4. Rate limiting techniques can disturb scraping

For short, rate limiting is a technique that controls how much traffic is processed by a system by setting usage caps for its operations. In this context, the operation allows visitors to access content hosted on the website.

Rate limiting becomes troublesome when you are trying to scrape a lot of data from multiple website pages.

5. Dynamic websites are harder to scrape

A dynamic website uses scripts to generate its content on the website. Often, it fetches data from an external source and prefills the page with it.

If your web scraper makes a GET request to the webpage and scrapes the returned data, it will not function as expected because it is not running the scripts on the website. The solution here is to use tools like Selenium that spin up a browser instance and execute the required scripts.

Basic concepts

Before we get into our in-depth example, let’s make sure we’ve set up properly and understand a few basic concepts about web scraping in practice.

To follow and understand this tutorial, you will need the following:

  • Working knowledge of HTML and Python
  • Python 3.6 or later installed on your machine
  • A Python development environment (e.g., text editor, IDE)
  • Beautiful Soup ≥4.0

First, install Beautiful Soup, a Python library that provides simple methods for you to extract data from HTML and XML documents.

In your terminal, type the following:

pip install beautifulsoup4

Parse an HTML document using Beautiful Soup

Let’s explore a block of Python code that uses Beautiful Soup to parse and navigate an HTML document:

from bs4 import BeautifulSoup

# define a HTML document
html = "<!DOCTYPE html><html><head><title>This is the title of a website</title></head><body><h1 id='heading-1'>This is the main heading</h1><h2 id='heading-2'>This is a subheading</h2><p>Lorem ipsum dolor sit amet, consectetur adipisicing elit, sed do eiusmod tempor incididunt ut labore et dolore magna aliqua.</p><ul><li class='list-item'>First</li><li class='list-item'>Second</li><li class='list-item'>Third</li></ul></body></html>"

# parse the HTML content with Beautiful Soup
soup = BeautifulSoup(html, "html.parser")

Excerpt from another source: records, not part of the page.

lemma ri_qbfn_distfun_cong:
  assumes "ri_qbfn M X" "f \<in> borel_measurable M" "g \<in> borel_measurable M"
    and "distfun M f = distfun M g"
  shows "X f = X g"
proof -
  have "\<forall>t\<ge>0. rearr M f t = rearr M g t" using rearr_cong_distfun[OF assms(4)] by simp
  then show ?thesis using assms(1-3) unfolding ri_qbfn_def rearrangement_invariant_def by blast
qed

lemma set_nn_integral_Icc_Ico:
  fixes F :: "real \<Rightarrow> ennreal"
  shows "(\<integral>\<^sup>+ s\<in>{a..b}. F s \<partial>lborel) = (\<integral>\<^sup>+ s\<in>{a..<b}. F s \<partial>lborel)"
  by (rule nn_integral_cong_AE)
     (use AE_lborel_singleton[of b] in \<open>eventually_elim, auto simp: indicator_def\<close>)

lemma trunc_rearr_integral_mono:
  assumes hk: "hlp_rel L h k" and u: "0 \<le> u"
  shows "(\<integral>\<^sup>+ s\<in>{0..<u}. trunc_rearr L h m s \<partial>lborel)
       \<le> (\<integral>\<^sup>+ s\<in>{0..<u}. trunc_rearr L k m s \<partial>lborel)"
proof -
  obtain v where v: "0 \<le> v" "\<And>t. t \<in> {0..<u} \<and> ennreal t < m \<longleftrightarrow> t \<in> {0..<v}"
  proof (cases "ennreal u \<le> m")
    case True
    have "ennreal t < m" if "0 \<le> t" "t < u" for t
      using that True by (metis ennreal_lessI le_less_trans less_le_trans not_less)
    with u that[of u] show ?thesis by auto
  next
    case False
    then obtain m0 where m0: "m = ennreal m0" "0 \<le> m0"
      by (cases m) auto
    with False have "m0 < u" by (simp add: ennreal_le_iff2 not_le)
    then have "t \<in> {0..<u} \<and> ennreal t < m \<longleftrightarrow> t \<in> {0..<m0}" for t
      using m0 by (auto simp: ennreal_less_iff)
    with m0 that[of m0] show ?thesis by blast
  qed
  have eq: "(\<integral>\<^sup>+ s\<in>{0..<u}. trunc_rearr L g m s \<partial>lborel) = (\<integral>\<^sup>+ s\<in>{0..<v}. rearr L g s \<partial>lborel)" for g
    unfolding trunc_rearr_def
    by (intro nn_integral_cong) (use v(2) in \<open>auto simp: indicator_def\<close>)
  show ?thesis
  proof (cases "v = 0")
    case False
    with v hk show ?thesis unfolding eq by (simp add: hlp_rel_def set_nn_integral_Icc_Ico)
  qed (simp add: eq)
qed

lemma HLP_principle_transfer:
  fixes M :: "'a measure" and \<Phi> :: "(real \<Rightarrow> ennreal) \<Rightarrow> 'a \<Rightarrow> ennreal"
    and Xb :: "(real \<Rightarrow> ennreal) \<Rightarrow> ennreal"
  assumes meas: "\<And>h. h \<in> borel_measurable (lebesgue_on {0..}) \<Longrightarrow> \<Phi> h \<in> borel_measurable M"
    and Xb: "\<And>h. h \<in> borel_measurable (lebesgue_on {0..}) \<Longrightarrow> Xb h = X (\<Phi> h)"
    and hlp: "\<And>h k. h \<in> borel_measurable (lebesgue_on {0..}) \<Longrightarrow>
      k \<in> borel_measurable (lebesgue_on {0..}) \<Longrightarrow>
      hlp_rel (lebesgue_on {0..}) h k \<Longrightarrow> hlp_rel M (\<Phi> h) (\<Phi> k)"
    and rearr: "\<And>f. f \<in> borel_measurable M \<Longrightarrow> X (\<Phi> (rearr M f)) = X f"
  shows "HLP_principle M X \<longleftrightarrow> HLP_principle (lebesgue_on {0..}) Xb"
proof
  assume H: "HLP_principle M X"
  show "HLP_principle (lebesgue_on {0..}) Xb"
    unfolding HLP_principle_def
  proof (intro ballI impI)
    fix h k :: "real \<Rightarrow> ennreal"
    assume h: "h \<in> borel_measurable (lebesgue_on {0..})"
      and k: "k \<in> borel_measurable (lebesgue_on {0..})" and "hlp_rel (lebesgue_on {0..}) h k"
    then have "X (\<Phi> h) \<le> X (\<Phi> k)"
      using H meas hlp unfolding HLP_principle_def by blast
    then show "Xb h \<le> Xb k" using Xb h k by simp
  qed
next
  assume H: "HLP_principle (lebesgue_on {0..}) Xb"
  have f_rearr: "rearr M f \<in> borel_measurable (lebesgue_on {0..})" if "f \<in> borel_measurable M" for f
    using that by (intro borel_measurable_lebesgue_onI rearr_borel)
  show "HLP_principle M X"
    unfolding HLP_principle_def
  proof (intro ballI impI)
    fix f g assume f: "f \<in> borel_measurable M" and g: "g \<in> borel_measurable M"
      and "hlp_rel M f g"
    then have "Xb (rearr M f) \<le> Xb (rearr M g)"
      using H f_rearr hlp_rel_rearr unfolding HLP_principle_def by blast
    then show "X f \<le> X g" using Xb f_rearr rearr f g by simp
  qed
qed

subsection \<open>The non-atomic case\<close>

lemma Ival_borel [measurable]: "Ival M \<in> sets borel"
  unfolding Ival_def by (rule ennreal_less_set_borel)

lemma Ival_level_set:
  assumes h: "h \<in> borel_measurable N"
  shows "{t \<in> Ival M. s < rearr N h t * indicator (Ival M) t}
    = {t. 0 \<le> t \<and> ennreal t < min (distfun N h s) (emeasure M (space M))}"
  unfolding less_indicator_iff less_rearr_iff[OF h] min_less_iff_conj Ival_def by blast

lemma measurable_rearr_Ival_comp:
  assumes \<sigma>: "\<sigma> \<in> measurable M (restrict_space lborel (Ival M))"
    and h: "h \<in> borel_measurable N"
  shows "(\<lambda>t. rearr N h t * indicator (Ival M) t) \<circ> \<sigma> \<in> borel_measurable M"
proof -
  have "(\<lambda>t. rearr N h t * indicator (Ival M) t) \<in> borel_measurable borel"
    using rearr_borel[OF h] by measurable
  then show ?thesis
    by (intro measurable_comp[OF \<sigma>] measurable_restrict_space1) simp
qed

lemma distfun_rearr_Ival_comp:
  assumes \<sigma>: "\<sigma> \<in> measurable M (restrict_space lborel (Ival M))"
    and pres: "distr M (restrict_space lborel (Ival M)) \<sigma> = restrict_space lborel (Ival M)"
    and h: "h \<in> borel_measurable N"
  shows "distfun M ((\<lambda>t. rearr N h t * indicator (Ival M) t) \<circ> \<sigma>) s
    = min (distfun N h s) (emeasure M (space M))"
proof -
  let ?\<nu> = "restrict_space lborel (Ival M)"
  let ?A = "{t \<in> Ival M. s < rearr N h t * indicator (Ival M) t}"
  have A_sets: "?A \<in> sets ?\<nu>"
    unfolding Ival_level_set[OF h] by (subst sets_restrict_space_iff) (auto simp: Ival_def)
  have "\<sigma> x \<in> Ival M" if "x \<in> space M" for x
    using measurable_space[OF \<sigma> that] by (simp add: space_restrict_space)
  then have "{x \<in> space M. s < ((\<lambda>t. rearr N h t * indicator (Ival M) t) \<circ> \<sigma>) x} = \<sigma> -` ?A \<inter> space M"
    by auto
  then have "distfun M ((\<lambda>t. rearr N h t * indicator (Ival M) t) \<circ> \<sigma>) s = emeasure (distr M ?\<nu> \<sigma>) ?A"
    unfolding distfun_def by (simp add: emeasure_distr[OF \<sigma> A_sets])
  also have "\<dots> = emeasure lborel ?A"
    unfolding pres by (subst emeasure_restrict_space) auto
  finally show ?thesis
    unfolding Ival_level_set[OF h] emeasure_lborel_ennreal_less .
qed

# print the HTML in a beautiful form
print(soup.prettify())

We imported the Beautiful Soup library into a script and created a BeautifulSoup object from our HTML document in the code above. Then, we used the prettify() method to display the HTML content in an adequately indented form. Below is the output:
The Beautiful Soup object we created in HTML form

Extract HTML elements by their tag names

Next, let’s extract some of the HTML tags in our document. Beautiful Soup provides a couple of methods that allow you to extract elements.

Let’s look at an example:

# getting the title element of the HTML
print(soup.title)

# getting the first h1 element in the HTML
print(soup.h1)

And its output:
Extract the HTML elements by tag names

Beautiful Soup provides a find() method that allows you to extract elements with specific criteria. Let’s see how to use it:

# getting the first h2 element in the HTML
print(soup.find("h2"))

# getting the first p element in the HTML
print(soup.find("p"))

And what the output looks like:
The output for extracting HTML elements with specific criteria

Beautiful Soup also provides a find_all() method to extract every element with a specific tag as a list, instead of getting only the first occurrence. Let’s see its usage:

# getting all the li elements in the HTML
print(soup.find_all("li"))

The output when you extract elements by specific tags as a list

Extract HTML elements by their IDs

You might want to extract HTML elements that have a specific ID attached to them. The find() method allows you to supply an ID to filter its search results.

Let’s see how to use it:

# getting the h1 element with the heading-1 id
print(soup.find("h1", id="heading-1"))

# getting the h2 element with the heading-2 id
print(soup.find("h2", {"id": "heading-2"}))

And below is the output:
The output when extracting HTML elements by their IDs

Extract HTML elements with their class

Beautiful Soup also lets you extract HTML elements with a specific class by supplying the find() and find_all() methods with appropriate parameters to filter their search results. Let’s see its usage:

# getting the first li element with the list-item class
print(soup.find("li", {"class": "list-item"}))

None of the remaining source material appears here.